Why is it not possible to embed the Real Projective Plane $\mathbb{R}P^2$ in to the euclidean space $\mathbb{R}^3$?

I stumbled upon the following example: Let $\mathbb{Z}_2$ act on $\mathbb{R}^3$ by reflections (f(x)=x,f(x)=-x). Then the quotient space $Q$ is a cone over $\mathbb{R}P^2$. $Q$ is not a manifold. How to prove this statement?

I tried the following: Suppose $0$ would have a neighbourhood which is homeomorphic to $\mathbb{R}^3$. Then by restricting this homeomorphism one could Embed the projective plane into $\mathbb{R}^3$. Which is not possible (by google). However I did not find out why.
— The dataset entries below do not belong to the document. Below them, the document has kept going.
(* Let $R$ be a commutative ring of Krull dimension $0$ which is integral over an Artinian subring $R_0$, write $\mathcal{F}=\mathcal{F}(R_0,R)$, and let $n\ge 1$. If $R$ is not Noetherian, then the ring of Artinian power series $S=\mathcal{F}\llbracket X_1,\ldots,X_n\rrbracket$ is not Noetherian, and $S$ is strictly contained in the formal power series ring $R\llbracket X_1,\ldots,X_n\rrbracket$.
   Context: All rings are commutative with identity, and subrings share the identity. For a $0$-dimensional ring $R$ and an Artinian subring $R_0\subseteq R$ such that $R$ is integral over $R_0$, let $\mathcal{F}(R_0,R)=\{R_\alpha\}$ denote the family of all subrings of $R$ that are finitely generated as $R_0$-algebras; this family is directed, each $R_\alpha$ is Artinian, and $R=\bigcup_\alpha R_\alpha$. The ring of Artinian power series $\mathcal{F}\llbracket X_1,\ldots,X_n\rrbracket$ is the set of all $f\in R\llbracket X_1,\ldots,X_n\rrbracket$ such that all coefficients of $f$ lie in a single $R_\alpha\in\mathcal{F}$; equivalently, $\mathcal{F}\llbracket X_1,\ldots,X_n\rrbracket=\bigcup_\alpha R_\alpha\llbracket X_1,\ldots,X_n\rrbracket$, which is a subring of $R\llbracket X_1,\ldots,X_n\rrbracket$. *)

theory Defs
  imports "HOL-Algebra.Algebra"
begin

text \<open>Noetherian: ascending chain condition on ideals.  The ring axioms are
  implicit in the notion of ideal (the locale ideal contains ring R).\<close>
definition noetherian :: "('a, 'b) ring_scheme \<Rightarrow> bool" where
  "noetherian R \<longleftrightarrow>
     (\<forall>I :: nat \<Rightarrow> 'a set. (\<forall>k. ideal (I k) R) \<and> (\<forall>k. I k \<subseteq> I (Suc k))
        \<longrightarrow> (\<exists>m. \<forall>k\<ge>m. I k = I m))"

definition artinian :: "('a, 'b) ring_scheme \<Rightarrow> bool" where
  "artinian R \<longleftrightarrow> ring R \<and>
     (\<forall>I :: nat \<Rightarrow> 'a set. (\<forall>k. ideal (I k) R) \<and> (\<forall>k. I (Suc k) \<subseteq> I k)
        \<longrightarrow> (\<exists>m. \<forall>k\<ge>m. I k = I m))"

definition krull_dim_zero :: "('a, 'b) ring_scheme \<Rightarrow> bool" where
  "krull_dim_zero R \<longleftrightarrow> (\<exists>P. primeideal P R) \<and> (\<forall>P. primeideal P R \<longrightarrow> maximalideal P R)"

definition integral_over :: "('a, 'b) ring_scheme \<Rightarrow> 'a set \<Rightarrow> bool" where
  "integral_over R R0 \<longleftrightarrow>
     (\<forall>x\<in>carrier R. \<exists>(d::nat) c. (\<forall>i<d. c i \<in> R0) \<and>
        x [^]\<^bsub>R\<^esub> d \<oplus>\<^bsub>R\<^esub> (\<Oplus>\<^bsub>R\<^esub> i\<in>{..<d}. c i \<otimes>\<^bsub>R\<^esub> x [^]\<^bsub>R\<^esub> i) = \<zero>\<^bsub>R\<^esub>)"

definition fg_family :: "('a, 'b) ring_scheme \<Rightarrow> 'a set \<Rightarrow> 'a set set" where
  "fg_family R R0 = {generate_ring R (R0 \<union> E) | E. finite E \<and> E \<subseteq> carrier R}"

text \<open>Exponent vectors of monomials in the variables X_1..X_n (indexed 0..n-1).\<close>
definition expvec :: "nat \<Rightarrow> (nat \<Rightarrow> nat) set" where
  "expvec n = {m. \<forall>i\<ge>n. m i = 0}"

definition PS :: "('a, 'b) ring_scheme \<Rightarrow> nat \<Rightarrow> ((nat \<Rightarrow> nat) \<Rightarrow> 'a) ring" where
  "PS R n = \<lparr>
     carrier = {f. (\<forall>m. f m \<in> carrier R) \<and> (\<forall>m. m \<notin> expvec n \<longrightarrow> f m = \<zero>\<^bsub>R\<^esub>)},
     monoid.mult = (\<lambda>f g m. if m \<in> expvec n then
         (\<Oplus>\<^bsub>R\<^esub> a\<in>{a. \<forall>i. a i \<le> m i}. f a \<otimes>\<^bsub>R\<^esub> g (\<lambda>i. m i - a i))
       else \<zero>\<^bsub>R\<^esub>),
     monoid.one = (\<lambda>m. if (\<forall>i. m i = 0) then \<one>\<^bsub>R\<^esub> else \<zero>\<^bsub>R\<^esub>),
     ring.zero = (\<lambda>m. \<zero>\<^bsub>R\<^esub>),
     ring.add = (\<lambda>f g m. f m \<oplus>\<^bsub>R\<^esub> g m) \<rparr>"

definition artinian_PS :: "('a, 'b) ring_scheme \<Rightarrow> 'a set \<Rightarrow> nat \<Rightarrow> ((nat \<Rightarrow> nat) \<Rightarrow> 'a) set" where
  "artinian_PS R R0 n =
     (\<Union>Ra\<in>fg_family R R0. {f \<in> carrier (PS R n). \<forall>m. f m \<in> Ra})"

end

theory Submission
  imports Defs
begin

text \<open>
  The Artinian ring \<open>R\<^sub>0\<close> is Noetherian (Akizuki--Hopkins): a minimal product of maximal
  ideals is absorbed by every maximal ideal and hence is zero, and each step of the chain of
  products down to zero is a vector space over a residue field, on which DCC forces ACC.
  By integrality every finitely generated \<open>R\<^sub>0\<close>-subalgebra \<open>R\<^sub>\<alpha>\<close> lies in a finitely
  generated \<open>R\<^sub>0\<close>-module, so for every ascending chain \<open>I\<^sub>k\<close> of ideals of \<open>R\<close> the traces
  \<open>I\<^sub>k \<inter> R\<^sub>\<alpha>\<close> stabilize. If \<open>R\<close> is not Noetherian, choose a chain that does not stabilize and
  \<open>s\<^sub>m \<in> (\<Union>k. I\<^sub>k) - I\<^sub>m\<close>: the coefficients of \<open>\<Sum> s\<^sub>m X\<^sub>1\<^sup>m\<close> lie in no single \<open>R\<^sub>\<alpha>\<close>, so
  \<open>S \<noteq> R\<lbrakk>X\<^sub>1, \<dots>, X\<^sub>n\<rbrakk>\<close>. Finally, the constant term is a surjective ring homomorphism
  \<open>S \<rightarrow> R\<close>, and Noetherianity passes to surjective images, so \<open>S\<close> is not Noetherian.
\<close>

section \<open>The power series ring\<close>

lemma expvec_le: "m \<in> expvec n \<Longrightarrow> a \<le> m \<Longrightarrow> a \<in> expvec n"
  by (auto simp: expvec_def le_fun_def) (metis le_zero_eq)

lemma expvec_diff: "m \<in> expvec n \<Longrightarrow> m - a \<in> expvec n"
  by (simp add: expvec_def)

lemma zero_expvec [simp]: "(\<lambda>i. 0) \<in> expvec n"
  by (simp add: expvec_def)
lemma burst_encoder_recovers:
  assumes "0 < B" "B \<le> D" "D \<le> T" "D < W"
    and s: "\<forall>j. s j \<in> alph 2 D" and s': "\<forall>j. s' j \<in> alph 2 D"
    and E: "admissible_burst B W E"
    and earlier: "\<forall>j<i. s j = s' j"
    and received: "\<forall>t\<le>i + T. \<not> E t \<longrightarrow> burst_encoder D B t s = burst_encoder D B t s'"
  shows "s i = s' i"
proof -
  have length: "length (s t) = D" "length (s' t) = D" for t
    using s s' by (simp_all add: alph_def)
  have unerased: "s t = s' t \<and> (\<forall>r<B. parity_bit D B s t r = parity_bit D B s' t r)"
    if "t \<le> i + T" "\<not> E t" for t
  proof -
    have "burst_encoder D B t s = burst_encoder D B t s'" using received that by simp
    then show ?thesis by (rule burst_encoder_eq_iff [OF length, THEN iffD1])
  qed
  show ?thesis
  proof (cases "E i")
    case False
    then show ?thesis using unerased by simp
  next
    case True
    show ?thesis
    proof (rule nth_equalityI)
      show "length (s i) = length (s' i)" by (simp add: length)
      fix a assume "a < length (s i)"
      then have "a < D" by (simp add: length)
      have "a \<notin> sym_diff (diagonal_ones D s i a) (diagonal_ones D s' i a)"
        using burst_encoder_recovers_diagonal_start [OF assms(1,2) \<open>a < D\<close> earlier]
          unerased burst_after [OF E True] assms(3,4) by simp
      then have "s i ! a = 1 \<longleftrightarrow> s' i ! a = 1" using \<open>a < D\<close> by (auto simp: diagonal_ones_def)
      moreover have "s i ! a \<in> set (s i)" "s' i ! a \<in> set (s' i)" using \<open>a < D\<close> length by simp_all
      then have "s i ! a < 2" "s' i ! a < 2" using s s' by (auto simp: alph_def)
      ultimately show "s i ! a = s' i ! a" by auto
    qed
  qed
qed

lemma burst_code_exists:
  assumes "0 < B" "B \<le> D" "D \<le> T" "D < W"
  shows "\<exists>g. streaming_code 2 D (D + B) B W T (\<lambda>t s. burst_encoder D B t s) g"
  using assms
  by (intro ex_streaming_decoder burst_encoder_causal burst_encoder_alph burst_encoder_recovers)
    auto

theorem proposition1:
  fixes B W T :: nat
  assumes "B > 0" and "W > 0" and "T > 0" and "W \<ge> B + 1"
  shows "let Teff = min (W - 1) T;
             R = (if Teff \<ge> B then real Teff / real (Teff + B) else 0)
         in \<exists>q k n f g. primepow q \<and> n > 0 \<and> streaming_code q k n B W T f g
                        \<and> real k / real n = R"
proof -
  define D where "D = min (W - 1) T"
  have "primepow (2::nat)" by simp
  show ?thesis
  proof (cases "B \<le> D")
    case True
    moreover have "D \<le> T" "D < W" using assms(2) by (simp_all add: D_def)
    ultimately obtain g where "streaming_code 2 D (D + B) B W T (\<lambda>t s. burst_encoder D B t s) g"
      using burst_code_exists [of B D T W] assms(1) by blast
    then show ?thesis
      using True \<open>primepow 2\<close> assms(1) unfolding Let_def D_def [symmetric]
      by (intro exI [of _ 2] exI [of _ D] exI [of _ "D + B"]) auto
  next
    case False
    have "streaming_code 2 0 1 B W T (\<lambda>i s. [0]) (\<lambda>i y. [])"
      by (simp add: streaming_code_def alph_def)
    then show ?thesis
      using False \<open>primepow 2\<close> unfolding Let_def D_def [symmetric]
      by (intro exI [of _ 2] exI [of _ 0] exI [of _ 1]) auto
  qed
qed

end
Is there an algebraic invariant, which prohibits it and is easy to visualize?

Answer 1

Every codimension one closed submanifold of $\mathbb R^3$ is orientable but $\mathbb{R}P^2$ is not orientable .

Answer 2

$\newcommand{\Reals}{\mathbf{R}}\newcommand{\Proj}{\mathbf{P}}$You have two questions:

1. Why does $\Reals\Proj^{2}$ not embed in $\Reals^{3}$? (Your title question, which Georges has answered.)
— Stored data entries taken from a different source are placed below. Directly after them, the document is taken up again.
lemma epowr_mult:
  assumes "0 < a"
  shows "epowr (x * y) a = epowr x a * epowr y a"
proof (cases "x = top \<or> y = top")
  case True
  with assms show ?thesis
    by (cases "x = 0"; cases "y = 0") (auto simp: ennreal_mult_top ennreal_top_mult epowr_eq_0_iff)
next
  case False
  with assms show ?thesis
    by (auto simp: epowr_def enn2real_mult powr_mult ennreal_mult ennreal_mult_eq_top_iff)
qed

lemma surj_epowr:
  assumes "0 < a"
  shows "surj (\<lambda>x. epowr x a)"
proof -
  have "y \<in> range (\<lambda>x. epowr x a)" for y
  proof (cases y)
    case (real b)
    with assms have "y = epowr (ennreal (b powr (1 / a))) a"
      by (simp add: powr_powr)
    then show ?thesis by blast
  next
    case top
    then show ?thesis
      by (metis epowr_top rangeI)
  qed
  then show ?thesis by blast
qed

lemma continuous_on_epowr: "0 < a \<Longrightarrow> continuous_on UNIV (\<lambda>x. epowr x a)"
  by (rule continuous_onI_mono) (simp_all add: surj_epowr epowr_mono)

lemma tendsto_epowr:
  assumes "(u \<longlongrightarrow> l) F" "0 < a"
  shows "((\<lambda>x. epowr (u x) a) \<longlongrightarrow> epowr l a) F"
  using continuous_on_tendsto_compose [OF continuous_on_epowr [OF \<open>0 < a\<close>] assms(1)] by simp

lemma borel_measurable_epowr [measurable]: "(\<lambda>x. epowr x a) \<in> borel_measurable borel"
  unfolding epowr_def by measurable

lemma powr_add_le_split:
  fixes u v a e :: real
  assumes "0 \<le> u" "0 \<le> v" "0 < a" "0 < e"
  shows "(u + v) powr a \<le> (1 + e) powr a * u powr a + (1 + 1 / e) powr a * v powr a"
proof (cases "v \<le> e * u")
  case True
  with assms have "(u + v) powr a \<le> ((1 + e) * u) powr a"
    by (intro powr_mono2) (auto simp: algebra_simps)
  with assms show ?thesis
    by (simp add: powr_mult add_increasing2)
next
  case False
  with assms have "u \<le> v / e"
    by (simp add: field_simps)
  with assms have "(u + v) powr a \<le> ((1 + 1 / e) * v) powr a"
    by (intro powr_mono2) (auto simp: algebra_simps)
  with assms show ?thesis
    by (simp add: powr_mult add_increasing)
qed

lemma epowr_add_le:
  assumes "0 < a" "0 < e"
  shows "epowr (x + y) a \<le> ennreal ((1 + e) powr a) * epowr x a + ennreal ((1 + 1 / e) powr a) * epowr y a"
proof (cases "x = top \<or> y = top")
  case True
  have "0 < 1 + 1 / e"
    using assms by (simp add: add_pos_pos)
  with assms have "0 < (1 + e) powr a" "0 < (1 + 1 / e) powr a"
    by simp_all
  with True show ?thesis
    by (auto simp: ennreal_mult_top)
next
  case False
  then obtain u v where uv: "x = ennreal u" "y = ennreal v" "0 \<le> u" "0 \<le> v"
    by (cases x; cases y) auto
  then have "epowr (x + y) a = ennreal ((u + v) powr a)"
    by (simp flip: ennreal_plus)
  also have "\<dots> \<le> ennreal ((1 + e) powr a * u powr a + (1 + 1 / e) powr a * v powr a)"
    using powr_add_le_split [OF uv(3,4) assms] by (rule ennreal_leI)
  also have "\<dots> = ennreal ((1 + e) powr a) * epowr x a + ennreal ((1 + 1 / e) powr a) * epowr y a"
    using uv by (simp add: ennreal_mult ennreal_plus)
  finally show ?thesis .
qed

lemma borel_measurable_antimono_ennreal:
  fixes \<phi> :: "real \<Rightarrow> ennreal"
  assumes "\<And>s t. s \<le> t \<Longrightarrow> \<phi> t \<le> \<phi> s"
  shows "\<phi> \<in> borel_measurable borel"
proof (rule borel_measurableI_greater)
  fix y
  have "is_interval {x. y < \<phi> x}"
    unfolding is_interval_1 using assms by (auto intro: less_le_trans)
  then show "{x \<in> space borel. y < \<phi> x} \<in> sets borel"
    by (simp add: real_interval_borel_measurable)
qed

lemma distfun_antimono:
  assumes [measurable]: "h \<in> borel_measurable M" and "s \<le> t"
  shows "distfun M h t \<le> distfun M h s"
  unfolding distfun_def using assms(2) by (intro emeasure_mono) auto

lemma borel_measurable_distfun [measurable]:
  "h \<in> borel_measurable M \<Longrightarrow> distfun M h \<in> borel_measurable borel"
  by (rule borel_measurable_antimono_ennreal) (rule distfun_antimono)

lemma distfun_add_le:
  assumes [measurable]: "f \<in> borel_measurable M" "g \<in> borel_measurable M"
  shows "distfun M (\<lambda>x. f x + g x) (s + t) \<le> distfun M f s + distfun M g t"
proof -
  have "distfun M (\<lambda>x. f x + g x) (s + t)
      \<le> emeasure M ({x \<in> space M. s \<le> \<bar>f x\<bar>} \<union> {x \<in> space M. t \<le> \<bar>g x\<bar>})"
    unfolding distfun_def by (intro emeasure_mono) auto
  also have "\<dots> \<le> distfun M f s + distfun M g t"
    unfolding distfun_def by (intro emeasure_subadditive) auto
  finally show ?thesis .
qed

lemma distfun_le_moment:
  assumes [measurable]: "g \<in> borel_measurable M" and "0 < s" "0 < P"
  shows "distfun M g s \<le> ennreal (s powr - P) * (\<integral>\<^sup>+x. ennreal (\<bar>g x\<bar> powr P) \<partial>M)"
proof -
  have "ennreal (s powr P) * distfun M g s
      = (\<integral>\<^sup>+x. ennreal (s powr P) * indicator {x \<in> space M. s \<le> \<bar>g x\<bar>} x \<partial>M)"
    unfolding distfun_def by (subst nn_integral_cmult_indicator) auto
  also have "\<dots> \<le> (\<integral>\<^sup>+x. ennreal (\<bar>g x\<bar> powr P) \<partial>M)"
    using assms by (intro nn_integral_mono) (auto simp: indicator_def intro!: ennreal_leI powr_mono2)
  finally have "ennreal (s powr - P) * (ennreal (s powr P) * distfun M g s)
      \<le> ennreal (s powr - P) * (\<integral>\<^sup>+x. ennreal (\<bar>g x\<bar> powr P) \<partial>M)"
    by (rule mult_left_mono) simp
  with assms show ?thesis
    by (simp add: mult.assoc [symmetric] powr_minus flip: ennreal_mult)
qed

definition multiplicative_haar :: "real measure" where
  "multiplicative_haar = density lborel (\<lambda>t. ennreal (1 / t) * indicator {0<..} t)"

lemma sets_multiplicative_haar [measurable_cong]: "sets multiplicative_haar = sets borel"
  by (simp add: multiplicative_haar_def)

lemma AE_multiplicative_haar_pos: "AE t in multiplicative_haar. 0 < t"
  unfolding multiplicative_haar_def by (subst AE_density) (auto split: split_indicator)

lemma nn_integral_multiplicative_haar:
  assumes [measurable]: "\<phi> \<in> borel_measurable borel"
  shows "(\<integral>\<^sup>+t. \<phi> t \<partial>multiplicative_haar) = (\<integral>\<^sup>+t \<in> {0<..}. \<phi> t * ennreal (1 / t) \<partial>lborel)"
  unfolding multiplicative_haar_def by (subst nn_integral_density) (auto simp: mult_ac)

lemma nn_integral_multiplicative_haar_dilation:
  assumes [measurable]: "\<phi> \<in> borel_measurable borel" and "0 < c"
  shows "(\<integral>\<^sup>+t. \<phi> (c * t) \<partial>multiplicative_haar) = (\<integral>\<^sup>+t. \<phi> t \<partial>multiplicative_haar)"
proof -
  define H where "H t = \<phi> t * ennreal (1 / t) * indicator {0<..} t" for t
  have [measurable]: "H \<in> borel_measurable borel"
    unfolding H_def by measurable
  have "H (c * t) = ennreal (1 / c) * (\<phi> (c * t) * ennreal (1 / t) * indicator {0<..} t)" for t
  proof (cases "0 < t")
    case True
    with \<open>0 < c\<close> have "ennreal (1 / (c * t)) = ennreal (1 / c) * ennreal (1 / t)"
      by (subst ennreal_mult [symmetric]) auto
    with True \<open>0 < c\<close> show ?thesis
      unfolding H_def by (simp add: mult_ac)
  qed (use \<open>0 < c\<close> in \<open>simp add: H_def zero_less_mult_iff\<close>)
  then have "(\<integral>\<^sup>+t. H t \<partial>lborel) = ennreal c * ennreal (1 / c) * (\<integral>\<^sup>+t. \<phi> (c * t) \<partial>multiplicative_haar)"
    using nn_integral_real_affine [of H c 0] \<open>0 < c\<close>
    by (simp add: nn_integral_multiplicative_haar nn_integral_cmult mult.assoc)
  also have "ennreal c * ennreal (1 / c) = 1"
    using \<open>0 < c\<close> by (simp flip: ennreal_mult)
  finally show ?thesis
    by (simp add: H_def nn_integral_multiplicative_haar)
qed

lemma nn_integral_multiplicative_haar_tail_finite:
  assumes "e < 0" "0 < u"
  shows "(\<integral>\<^sup>+t \<in> {u..}. ennreal (t powr e) \<partial>multiplicative_haar) < top"
proof -
  define F where "F t = (if t \<in> {u..} then t powr (e - 1) else 0)" for t
  have [measurable]: "F \<in> borel_measurable borel"
    unfolding F_def by measurable
  have "((\<lambda>t. t powr (e - 1)) has_integral - (u powr e) / e) {u..}"
    using has_integral_powr_to_inf [of "e - 1" u] assms by simp
  then have "(F has_integral - (u powr e) / e) UNIV"
    using has_integral_restrict_UNIV [of "{u..}" "\<lambda>t. t powr (e - 1)"] by (simp only: F_def [abs_def])
  then have "(\<integral>\<^sup>+t. ennreal (F t) \<partial>lborel) = ennreal (- (u powr e) / e)"
    by (rule nn_integral_has_integral_lborel [rotated 2]) (auto simp: F_def)
  moreover have "(\<integral>\<^sup>+t \<in> {u..}. ennreal (t powr e) \<partial>multiplicative_haar) = (\<integral>\<^sup>+t. ennreal (F t) \<partial>lborel)"
    using \<open>0 < u\<close>
    by (auto simp: nn_integral_multiplicative_haar F_def indicator_def powr_diff
             simp flip: ennreal_mult intro!: nn_integral_cong)
  ultimately show ?thesis
    by simp
qed

lemma INT_lessThan_inverse_Suc: "(\<Inter>n. {..<1 / real (Suc n)}) = {..0}"
proof (intro set_eqI iffI)
  fix x :: real
  assume x: "x \<in> (\<Inter>n. {..<1 / real (Suc n)})"
  show "x \<in> {..0}"
  proof (rule ccontr)
    assume "x \<notin> {..0}"
    then obtain n where "inverse (real (Suc n)) < x"
      using reals_Archimedean [of x] by auto
    moreover from x have "x < 1 / real (Suc n)"
      by blast
    ultimately show False
      by (simp add: inverse_eq_divide)
  qed
qed (auto intro: le_less_trans)

lemma nn_integral_multiplicative_haar_below_tendsto_0:
  assumes [measurable]: "\<phi> \<in> borel_measurable borel"
    and fin: "(\<integral>\<^sup>+t. \<phi> t \<partial>multiplicative_haar) < top"
  shows "(\<lambda>n. \<integral>\<^sup>+t \<in> {..<1 / Suc n}. \<phi> t \<partial>multiplicative_haar) \<longlonglongrightarrow> 0"
proof -
  define N where "N = density multiplicative_haar \<phi>"
  have N: "emeasure N S = (\<integral>\<^sup>+t \<in> S. \<phi> t \<partial>multiplicative_haar)" if "S \<in> sets borel" for S
    unfolding N_def using that by (simp add: emeasure_density)
  have "decseq (\<lambda>n. {..<1 / real (Suc n)})"
    by (auto simp: decseq_def intro: order.strict_trans2 frac_le)
  moreover have "emeasure N {..<1 / real (Suc n)} \<noteq> top" for n
  proof -
    have "emeasure N {..<1 / real (Suc n)} \<le> (\<integral>\<^sup>+t. \<phi> t \<partial>multiplicative_haar)"
      by (auto simp: N intro!: nn_integral_mono split: split_indicator)
    with fin show ?thesis
      by (auto simp: top_unique)
  qed
  ultimately have "(\<lambda>n. emeasure N {..<1 / real (Suc n)}) \<longlonglongrightarrow> emeasure N (\<Inter>n. {..<1 / real (Suc n)})"
    by (intro Lim_emeasure_decseq) (auto simp: N_def sets_multiplicative_haar)
  also have "(\<Inter>n. {..<1 / real (Suc n)}) = {..0}"
    by (rule INT_lessThan_inverse_Suc)
  also have "emeasure N {..0} = 0"
  proof -
    have "AE t in multiplicative_haar. \<phi> t * indicator {..0} t = 0"
      using AE_multiplicative_haar_pos by eventually_elim auto
    then have "(\<integral>\<^sup>+t \<in> {..0}. \<phi> t \<partial>multiplicative_haar) = (\<integral>\<^sup>+t. 0 \<partial>multiplicative_haar)"
      by (rule nn_integral_cong_AE)
    then show ?thesis
      by (simp add: N)
  qed
  finally show ?thesis
    by (simp add: N)
qed

definition lorentz_density :: "'a measure \<Rightarrow> real \<Rightarrow> real \<Rightarrow> ('a \<Rightarrow> real) \<Rightarrow> real \<Rightarrow> ennreal" where
  "lorentz_density M p q h t = epowr (distfun M h t * ennreal (t powr p)) (q / p)"

definition lorentz_pow_below :: "'a measure \<Rightarrow> real \<Rightarrow> real \<Rightarrow> ('a \<Rightarrow> real) \<Rightarrow> real \<Rightarrow> ennreal" where
  "lorentz_pow_below M p q h u =
     ennreal q * (\<integral>\<^sup>+t \<in> {..<u}. lorentz_density M p q h t \<partial>multiplicative_haar)"

lemma borel_measurable_lorentz_density [measurable]:
  assumes [measurable]: "h \<in> borel_measurable M"
  shows "lorentz_density M p q h \<in> borel_measurable borel"
  unfolding lorentz_density_def by measurable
2. Why is $Q = \Reals^{3}/{\pm}$ not a manifold? (The motivating question in your post, which 1. answers indirectly.)

Here's an alternative take on 2.: The "link" of the vertex of $Q$ (i.e., the boundary of the image of a ball centered at the origin of $\Reals^{3}$) is $\Reals\Proj^{2}$ instead of $S^{2}$. If some neighborhood $U$ of the vertex of $Q$ were homeomorphic to $\Reals^{3}$, there would exist a closed ball $B$ centered at the origin of $\Reals^{3}$ whose image in $Q$ is (contractible and) contained in $U$. Following with a homeomorphism $\phi:U \to \Reals^{3}$ would give a contractible subset of $\Reals^{3}$ whose boundary is $\Reals\Proj^{2}$.

The same idea implies, for example, that a cone on a $2$-torus is not a manifold, even though a $2$-torus does embed in $\Reals^{3}$.